序章.41
本日二話目の投稿です。
「みんな、ここが踏ん張り時だ。我々にできることは適切な情報管理と、細やかな軍との連携だ。公爵家のような事態は何としても阻止する」
「盗まれたマニュアルの奪還は? すぐに取り返さねば……!」
「一度流出した情報にこだわるな! できるだけ多くの人員を防衛に充てるんだ!! それから情報封鎖だ。攻めるのは陣形を確立してからだ!」
職員たちを鼓舞する。
勤勉で物分かりが良くて助かる。
パルジャーノン家の一件で軍も重い腰を上げる。
ギアは帝国の威信の根幹を担う技術の集合体だ。
それが属州に流出すれば、この絶対的力関係は案外もろく崩れ去るだろう。
それゆえ、想定通り帝都の常備軍が各地に派遣された。
それに伴いこちらからも職員を派遣し、管理体制を再確認する。
賊の情報は情報部からも入る。
対策室を早急に立ち上げ、連携が強化されていった。
管理庁は目まぐるしく稼働し、連日、日夜対応に追われた。
上がってくる報告書。
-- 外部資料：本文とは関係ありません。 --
text \<open>
  On the unit circle \<open>cnj x = 1/x\<close>, so \<open>2 Re z = z + cnj z\<close> for \<open>z = a x / q\<^sup>2\<close> with polynomial
  \<open>a, q\<close> becomes a Laurent polynomial in \<open>x\<close>; reflected conjugate polynomials clear denominators.
\<close>
lemma Re_poly_quotient_on_circle_zeros:
  fixes A Q :: "complex poly" and r :: real
  assumes r: "r \<noteq> 0"
  obtains W where "degree W \<le> 2 * degree A + 4 * degree Q + 2"
    and "\<And>x. norm x = 1 \<Longrightarrow> poly Q x \<noteq> 0 \<Longrightarrow>
           Re (poly A x / (poly Q x)\<^sup>2 * (\<i> * r * x)) = 0 \<longleftrightarrow> poly W x = 0"
proof -
  define dA dQ where "dA = degree A" and "dQ = degree Q"
  define RA RQ where "RA = reflect_poly (map_poly cnj A)" and "RQ = reflect_poly (map_poly cnj Q)"
  define W where "W = monom 1 (dA + 2) * A * RQ\<^sup>2 - monom 1 (2 * dQ) * RA * Q\<^sup>2"
  have dR: "degree RA \<le> dA" "degree RQ \<le> dQ"
    using degree_reflect_poly_le[of "map_poly cnj A"] degree_reflect_poly_le[of "map_poly cnj Q"]
    by (simp_all add: RA_def RQ_def dA_def dQ_def degree_map_poly)
  have "degree (monom (1::complex) (dA + 2) * A * RQ\<^sup>2) \<le> (dA + 2) + dA + 2 * dQ"
    using degree_mult_le[of "monom (1::complex) (dA + 2) * A" "RQ\<^sup>2"]
      degree_mult_le[of "monom (1::complex) (dA + 2)" A] degree_monom_le[of "1::complex" "dA + 2"]
      degree_power_le[of RQ 2] dR unfolding dA_def by linarith
  moreover have "degree (monom (1::complex) (2 * dQ) * RA * Q\<^sup>2) \<le> 2 * dQ + dA + 2 * dQ"
    using degree_mult_le[of "monom (1::complex) (2 * dQ) * RA" "Q\<^sup>2"]
      degree_mult_le[of "monom (1::complex) (2 * dQ)" RA] degree_monom_le[of "1::complex" "2 * dQ"]
      degree_power_le[of Q 2] dR unfolding dQ_def by linarith
  ultimately have "degree W \<le> 2 * degree A + 4 * degree Q + 2"
    unfolding W_def dA_def dQ_def
    using degree_diff_le_max[of "monom 1 (degree A + 2) * A * RQ\<^sup>2" "monom 1 (2 * degree Q) * RA * Q\<^sup>2"]
    by linarith
  moreover have "Re (poly A x / (poly Q x)\<^sup>2 * (\<i> * r * x)) = 0 \<longleftrightarrow> poly W x = 0"
    if x: "norm x = 1" and q: "poly Q x \<noteq> 0" for x
  proof -
    let ?a = "poly A x" and ?q = "poly Q x"
    let ?z = "?a / ?q\<^sup>2 * (\<i> * r * x)" and ?k = "\<i> * r / (?q\<^sup>2 * (x^dQ * cnj ?q)\<^sup>2 * x^(dA+1))"
    have x0: "x \<noteq> 0" and cq: "cnj ?q \<noteq> 0" using x q by auto
    have "complex_of_real (2 * Re ?z) = ?z + cnj ?z" by (simp only: complex_add_cnj)
    also have "\<dots> = (x^(dA+2) * ?a * (x^dQ * cnj ?q)\<^sup>2 - x^(2*dQ) * (x^dA * cnj ?a) * ?q\<^sup>2) * ?k"
      using x0 q cq by (simp add: cnj_eq_inverse_if_norm_eq_1[OF x] field_simps power_add
                                power_mult_distrib power_mult)
    also have "\<dots> = poly W x * ?k"
      by (simp add: W_def RA_def RQ_def dA_def dQ_def poly_reflect_poly_map_cnj[OF x] poly_monom)
    finally have "complex_of_real (2 * Re ?z) = poly W x * ?k" .
    moreover have "?k \<noteq> 0" using x0 q r by simp
    ultimately show ?thesis by (metis mult_eq_0_iff of_real_eq_0_iff zero_neq_numeral)
  qed
  ultimately show thesis by (rule that)
qed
積み上がる書類。
暇つぶしにはちょうどいい読み物だ。
全く関係ない汚職で貴族が捕まっている。おもしろい。
さすがは情報部。落ちぶれた貴族をだいぶ炙り出して追い詰めている。
助けてやりたいけれど、今は書類で手がふさがっている。自分で切り抜けられる人材はこういうところで評価を上げる。選別試験だと思って乗り切ってほしい。
不謹慎だが少し楽しくなってきた。
いや悪い癖だ。
こういう油断が足元をすくう。
みんなどうしてる? 必死だ。少し身だしなみが整い過ぎているか?
もう少し寝た方がいいと思うのだが。
心が痛む。
みんな、少しぐらい休んでも、おれは殺さないよ。
「皆さん!! 大変です!!」
時計を確認する。
少し早かったな。
「賊が帝都に侵入しました!!」
「なんだって!?」
地方に戦力を分散させれば中央が甘くなる。
ギアのフレームや装甲板やラインをいくら盗んでも、根幹となる動力炉、増幅装置、感応機が無ければギアは動かない。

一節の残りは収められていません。